Items from a data source:
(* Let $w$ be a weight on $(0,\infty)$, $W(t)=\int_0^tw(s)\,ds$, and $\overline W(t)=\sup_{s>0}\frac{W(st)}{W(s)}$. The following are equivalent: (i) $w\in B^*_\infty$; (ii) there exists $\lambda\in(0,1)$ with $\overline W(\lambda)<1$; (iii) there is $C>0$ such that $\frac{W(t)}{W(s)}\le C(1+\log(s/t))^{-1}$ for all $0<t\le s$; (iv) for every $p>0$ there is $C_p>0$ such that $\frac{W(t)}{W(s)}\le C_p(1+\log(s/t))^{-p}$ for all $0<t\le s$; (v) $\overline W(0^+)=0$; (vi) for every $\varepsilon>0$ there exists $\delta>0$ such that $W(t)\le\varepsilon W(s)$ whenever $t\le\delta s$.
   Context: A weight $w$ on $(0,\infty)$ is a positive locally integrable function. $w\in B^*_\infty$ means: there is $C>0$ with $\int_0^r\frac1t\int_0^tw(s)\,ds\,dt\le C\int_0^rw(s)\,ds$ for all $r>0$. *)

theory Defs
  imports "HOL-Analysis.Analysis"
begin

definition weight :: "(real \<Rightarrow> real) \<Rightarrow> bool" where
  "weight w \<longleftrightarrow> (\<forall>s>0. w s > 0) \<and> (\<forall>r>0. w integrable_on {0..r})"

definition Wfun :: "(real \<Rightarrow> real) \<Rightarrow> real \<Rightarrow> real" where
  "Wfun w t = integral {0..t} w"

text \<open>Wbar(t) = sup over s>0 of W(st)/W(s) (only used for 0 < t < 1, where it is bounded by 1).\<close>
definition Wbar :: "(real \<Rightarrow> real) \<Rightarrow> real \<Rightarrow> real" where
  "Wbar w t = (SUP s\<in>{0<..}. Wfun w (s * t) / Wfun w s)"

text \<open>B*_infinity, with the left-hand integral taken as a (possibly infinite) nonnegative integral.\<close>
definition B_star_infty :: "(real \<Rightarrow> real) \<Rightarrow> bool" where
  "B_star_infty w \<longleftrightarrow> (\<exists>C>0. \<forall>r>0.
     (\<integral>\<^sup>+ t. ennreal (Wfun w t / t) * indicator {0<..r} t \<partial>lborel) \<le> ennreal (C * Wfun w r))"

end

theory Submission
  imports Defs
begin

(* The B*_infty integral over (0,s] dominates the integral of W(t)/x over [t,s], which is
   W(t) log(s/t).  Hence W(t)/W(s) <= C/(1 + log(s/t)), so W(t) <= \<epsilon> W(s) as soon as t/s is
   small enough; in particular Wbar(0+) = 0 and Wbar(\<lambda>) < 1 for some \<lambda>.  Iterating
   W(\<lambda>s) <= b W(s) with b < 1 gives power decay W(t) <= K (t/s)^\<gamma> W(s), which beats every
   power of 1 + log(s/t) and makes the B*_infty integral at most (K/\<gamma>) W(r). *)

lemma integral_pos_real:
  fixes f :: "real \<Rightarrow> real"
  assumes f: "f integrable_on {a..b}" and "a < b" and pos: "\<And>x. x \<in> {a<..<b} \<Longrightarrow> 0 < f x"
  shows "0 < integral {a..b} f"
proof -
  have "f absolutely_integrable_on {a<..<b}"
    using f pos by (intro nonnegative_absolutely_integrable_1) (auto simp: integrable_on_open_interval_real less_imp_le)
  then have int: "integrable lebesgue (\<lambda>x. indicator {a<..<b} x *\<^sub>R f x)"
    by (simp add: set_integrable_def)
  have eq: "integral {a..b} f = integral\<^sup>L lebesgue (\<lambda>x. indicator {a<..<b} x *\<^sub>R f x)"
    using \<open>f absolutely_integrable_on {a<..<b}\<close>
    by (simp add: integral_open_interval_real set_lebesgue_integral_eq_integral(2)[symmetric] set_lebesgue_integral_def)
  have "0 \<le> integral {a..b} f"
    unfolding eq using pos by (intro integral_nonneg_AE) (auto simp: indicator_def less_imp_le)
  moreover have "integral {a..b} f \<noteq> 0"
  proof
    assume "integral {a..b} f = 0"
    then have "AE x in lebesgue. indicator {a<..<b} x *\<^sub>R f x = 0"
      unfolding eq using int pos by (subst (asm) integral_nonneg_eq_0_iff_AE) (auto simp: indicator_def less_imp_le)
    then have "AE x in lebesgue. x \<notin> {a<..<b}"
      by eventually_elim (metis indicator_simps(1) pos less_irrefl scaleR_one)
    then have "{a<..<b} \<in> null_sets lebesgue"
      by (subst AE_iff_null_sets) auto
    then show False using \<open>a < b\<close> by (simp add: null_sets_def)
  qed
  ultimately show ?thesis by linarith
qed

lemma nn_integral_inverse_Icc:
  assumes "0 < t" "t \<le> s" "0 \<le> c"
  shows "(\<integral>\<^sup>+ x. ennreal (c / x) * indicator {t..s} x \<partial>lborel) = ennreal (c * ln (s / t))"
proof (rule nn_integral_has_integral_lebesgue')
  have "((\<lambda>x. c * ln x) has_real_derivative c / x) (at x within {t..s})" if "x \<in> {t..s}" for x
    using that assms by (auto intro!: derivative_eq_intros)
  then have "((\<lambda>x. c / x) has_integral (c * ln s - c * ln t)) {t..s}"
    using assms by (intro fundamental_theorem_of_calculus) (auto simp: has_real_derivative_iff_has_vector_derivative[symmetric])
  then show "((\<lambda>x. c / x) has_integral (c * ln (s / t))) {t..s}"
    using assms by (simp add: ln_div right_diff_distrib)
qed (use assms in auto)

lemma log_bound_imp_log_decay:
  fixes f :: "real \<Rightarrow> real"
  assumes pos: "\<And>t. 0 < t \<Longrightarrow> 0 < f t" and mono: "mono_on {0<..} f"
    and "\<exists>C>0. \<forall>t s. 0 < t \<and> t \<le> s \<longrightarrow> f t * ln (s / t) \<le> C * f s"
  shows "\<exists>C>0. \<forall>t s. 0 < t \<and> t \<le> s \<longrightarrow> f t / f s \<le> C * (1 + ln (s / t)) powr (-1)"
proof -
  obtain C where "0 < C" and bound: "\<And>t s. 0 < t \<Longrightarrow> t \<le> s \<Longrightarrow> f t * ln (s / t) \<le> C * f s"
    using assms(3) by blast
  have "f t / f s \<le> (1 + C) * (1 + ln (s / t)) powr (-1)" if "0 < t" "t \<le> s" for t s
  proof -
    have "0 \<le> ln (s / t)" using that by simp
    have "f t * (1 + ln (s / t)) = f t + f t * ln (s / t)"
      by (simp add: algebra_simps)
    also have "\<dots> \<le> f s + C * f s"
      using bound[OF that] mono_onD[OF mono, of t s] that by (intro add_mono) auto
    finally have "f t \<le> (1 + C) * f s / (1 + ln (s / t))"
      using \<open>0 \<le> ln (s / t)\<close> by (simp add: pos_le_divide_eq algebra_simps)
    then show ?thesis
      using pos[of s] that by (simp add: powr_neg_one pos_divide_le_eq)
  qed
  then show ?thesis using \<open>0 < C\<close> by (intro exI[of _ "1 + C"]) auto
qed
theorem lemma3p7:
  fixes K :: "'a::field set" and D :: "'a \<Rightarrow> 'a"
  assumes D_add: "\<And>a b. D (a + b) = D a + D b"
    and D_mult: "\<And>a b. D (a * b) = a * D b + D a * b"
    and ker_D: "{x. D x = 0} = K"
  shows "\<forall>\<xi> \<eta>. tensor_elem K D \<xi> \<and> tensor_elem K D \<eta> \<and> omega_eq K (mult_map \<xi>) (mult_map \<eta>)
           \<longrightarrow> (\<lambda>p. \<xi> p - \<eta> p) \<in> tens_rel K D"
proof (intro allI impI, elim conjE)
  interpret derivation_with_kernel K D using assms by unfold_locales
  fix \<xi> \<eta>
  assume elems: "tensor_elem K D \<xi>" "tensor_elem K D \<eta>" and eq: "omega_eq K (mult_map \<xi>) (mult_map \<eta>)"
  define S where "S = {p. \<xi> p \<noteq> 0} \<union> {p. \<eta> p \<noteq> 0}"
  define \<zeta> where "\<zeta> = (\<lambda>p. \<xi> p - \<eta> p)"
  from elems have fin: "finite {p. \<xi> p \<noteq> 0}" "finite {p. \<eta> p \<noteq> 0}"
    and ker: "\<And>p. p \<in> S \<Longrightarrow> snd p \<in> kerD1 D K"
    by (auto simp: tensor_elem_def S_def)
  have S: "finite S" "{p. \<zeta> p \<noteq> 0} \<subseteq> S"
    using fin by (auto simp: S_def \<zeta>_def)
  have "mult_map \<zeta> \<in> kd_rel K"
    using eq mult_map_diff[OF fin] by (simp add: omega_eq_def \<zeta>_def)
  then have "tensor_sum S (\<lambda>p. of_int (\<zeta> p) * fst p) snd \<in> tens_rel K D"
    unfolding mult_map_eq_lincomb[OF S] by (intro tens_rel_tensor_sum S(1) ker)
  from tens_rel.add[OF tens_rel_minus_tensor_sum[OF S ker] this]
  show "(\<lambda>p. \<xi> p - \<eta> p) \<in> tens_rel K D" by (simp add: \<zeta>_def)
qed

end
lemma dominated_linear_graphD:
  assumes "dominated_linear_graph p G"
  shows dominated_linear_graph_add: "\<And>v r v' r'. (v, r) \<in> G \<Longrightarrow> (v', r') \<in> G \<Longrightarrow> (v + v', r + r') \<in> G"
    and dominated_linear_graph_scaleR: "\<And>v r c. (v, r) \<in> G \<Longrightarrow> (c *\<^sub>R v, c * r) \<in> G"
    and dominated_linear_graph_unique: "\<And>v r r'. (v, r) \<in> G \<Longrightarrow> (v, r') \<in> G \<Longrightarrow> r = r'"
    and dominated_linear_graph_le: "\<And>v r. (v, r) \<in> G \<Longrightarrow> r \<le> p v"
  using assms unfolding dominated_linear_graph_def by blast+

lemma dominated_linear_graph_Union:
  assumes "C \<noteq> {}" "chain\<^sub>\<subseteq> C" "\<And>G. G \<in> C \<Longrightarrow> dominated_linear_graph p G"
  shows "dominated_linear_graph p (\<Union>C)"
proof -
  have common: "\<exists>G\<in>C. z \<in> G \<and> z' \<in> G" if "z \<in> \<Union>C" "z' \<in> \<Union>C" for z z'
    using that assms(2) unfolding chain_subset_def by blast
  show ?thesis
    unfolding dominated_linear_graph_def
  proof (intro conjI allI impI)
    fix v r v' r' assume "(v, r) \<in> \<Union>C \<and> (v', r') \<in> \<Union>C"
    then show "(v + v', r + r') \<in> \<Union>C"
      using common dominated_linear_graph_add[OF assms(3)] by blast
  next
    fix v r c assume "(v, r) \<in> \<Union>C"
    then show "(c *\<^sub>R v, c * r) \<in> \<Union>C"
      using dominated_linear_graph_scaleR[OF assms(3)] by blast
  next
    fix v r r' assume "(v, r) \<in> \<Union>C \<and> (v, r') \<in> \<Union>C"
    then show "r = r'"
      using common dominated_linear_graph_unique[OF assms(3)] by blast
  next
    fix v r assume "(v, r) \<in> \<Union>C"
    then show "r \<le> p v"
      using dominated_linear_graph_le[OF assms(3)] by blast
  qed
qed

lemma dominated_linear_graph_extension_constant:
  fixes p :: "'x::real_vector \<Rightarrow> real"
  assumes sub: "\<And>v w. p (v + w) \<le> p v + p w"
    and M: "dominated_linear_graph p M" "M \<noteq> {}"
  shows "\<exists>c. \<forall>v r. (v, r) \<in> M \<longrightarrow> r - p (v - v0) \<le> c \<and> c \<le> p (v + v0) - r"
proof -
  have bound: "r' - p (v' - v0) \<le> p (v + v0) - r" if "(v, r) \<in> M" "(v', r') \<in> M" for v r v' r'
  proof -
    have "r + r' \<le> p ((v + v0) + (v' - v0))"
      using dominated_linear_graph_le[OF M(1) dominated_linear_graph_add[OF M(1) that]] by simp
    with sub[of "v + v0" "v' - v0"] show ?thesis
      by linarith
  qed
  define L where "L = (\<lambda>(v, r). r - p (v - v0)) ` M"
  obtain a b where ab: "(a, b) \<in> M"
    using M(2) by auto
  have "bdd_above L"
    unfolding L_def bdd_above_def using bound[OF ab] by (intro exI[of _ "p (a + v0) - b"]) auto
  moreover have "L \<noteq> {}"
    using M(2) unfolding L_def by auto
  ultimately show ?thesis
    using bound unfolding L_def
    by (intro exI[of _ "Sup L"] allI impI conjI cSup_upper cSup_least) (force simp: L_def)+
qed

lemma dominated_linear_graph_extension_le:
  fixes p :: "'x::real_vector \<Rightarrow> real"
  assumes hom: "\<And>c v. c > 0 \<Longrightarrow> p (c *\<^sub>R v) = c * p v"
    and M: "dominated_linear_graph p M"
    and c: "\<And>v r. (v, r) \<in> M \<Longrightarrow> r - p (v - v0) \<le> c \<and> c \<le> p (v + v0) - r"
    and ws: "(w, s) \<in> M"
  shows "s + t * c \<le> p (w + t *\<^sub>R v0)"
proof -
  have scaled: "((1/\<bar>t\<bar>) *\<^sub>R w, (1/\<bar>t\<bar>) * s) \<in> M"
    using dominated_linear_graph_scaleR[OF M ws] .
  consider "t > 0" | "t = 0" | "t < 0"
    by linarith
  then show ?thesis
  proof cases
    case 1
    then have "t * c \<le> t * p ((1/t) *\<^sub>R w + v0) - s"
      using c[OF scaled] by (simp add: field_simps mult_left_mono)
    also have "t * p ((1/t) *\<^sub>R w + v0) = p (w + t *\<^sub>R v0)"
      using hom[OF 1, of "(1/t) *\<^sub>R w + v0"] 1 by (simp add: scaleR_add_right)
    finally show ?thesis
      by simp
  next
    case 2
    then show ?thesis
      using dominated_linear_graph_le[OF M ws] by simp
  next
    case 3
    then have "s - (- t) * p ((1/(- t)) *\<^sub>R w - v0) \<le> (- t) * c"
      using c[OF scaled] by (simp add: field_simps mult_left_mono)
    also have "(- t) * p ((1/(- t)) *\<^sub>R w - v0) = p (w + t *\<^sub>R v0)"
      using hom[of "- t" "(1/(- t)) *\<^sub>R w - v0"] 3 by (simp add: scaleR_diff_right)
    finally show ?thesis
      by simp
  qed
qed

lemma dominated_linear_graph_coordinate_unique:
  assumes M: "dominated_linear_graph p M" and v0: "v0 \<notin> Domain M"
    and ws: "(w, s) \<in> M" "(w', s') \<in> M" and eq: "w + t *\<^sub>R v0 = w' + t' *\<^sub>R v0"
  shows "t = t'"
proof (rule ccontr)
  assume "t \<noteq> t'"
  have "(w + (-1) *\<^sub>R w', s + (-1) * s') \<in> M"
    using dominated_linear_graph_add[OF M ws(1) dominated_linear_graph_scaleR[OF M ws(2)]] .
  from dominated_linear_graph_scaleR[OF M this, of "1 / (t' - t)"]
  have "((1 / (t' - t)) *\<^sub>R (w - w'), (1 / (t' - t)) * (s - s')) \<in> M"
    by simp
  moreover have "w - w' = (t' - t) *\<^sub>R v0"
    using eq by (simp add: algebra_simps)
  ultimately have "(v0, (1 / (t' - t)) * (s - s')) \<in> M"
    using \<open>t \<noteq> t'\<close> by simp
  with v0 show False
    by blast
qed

:: Required action ::
Out of the records above, pull the lines that include the word "there".

:: Output of the task ::
(* Let $w$ be a weight on $(0,\infty)$, $W(t)=\int_0^tw(s)\,ds$, and $\overline W(t)=\sup_{s>0}\frac{W(st)}{W(s)}$. The following are equivalent: (i) $w\in B^*_\infty$; (ii) there exists $\lambda\in(0,1)$ with $\overline W(\lambda)<1$; (iii) there is $C>0$ such that $\frac{W(t)}{W(s)}\le C(1+\log(s/t))^{-1}$ for all $0<t\le s$; (iv) for every $p>0$ there is $C_p>0$ such that $\frac{W(t)}{W(s)}\le C_p(1+\log(s/t))^{-p}$ for all $0<t\le s$; (v) $\overline W(0^+)=0$; (vi) for every $\varepsilon>0$ there exists $\delta>0$ such that $W(t)\le\varepsilon W(s)$ whenever $t\le\delta s$.
   Context: A weight $w$ on $(0,\infty)$ is a positive locally integrable function. $w\in B^*_\infty$ means: there is $C>0$ with $\int_0^r\frac1t\int_0^tw(s)\,ds\,dt\le C\int_0^rw(s)\,ds$ for all $r>0$. *)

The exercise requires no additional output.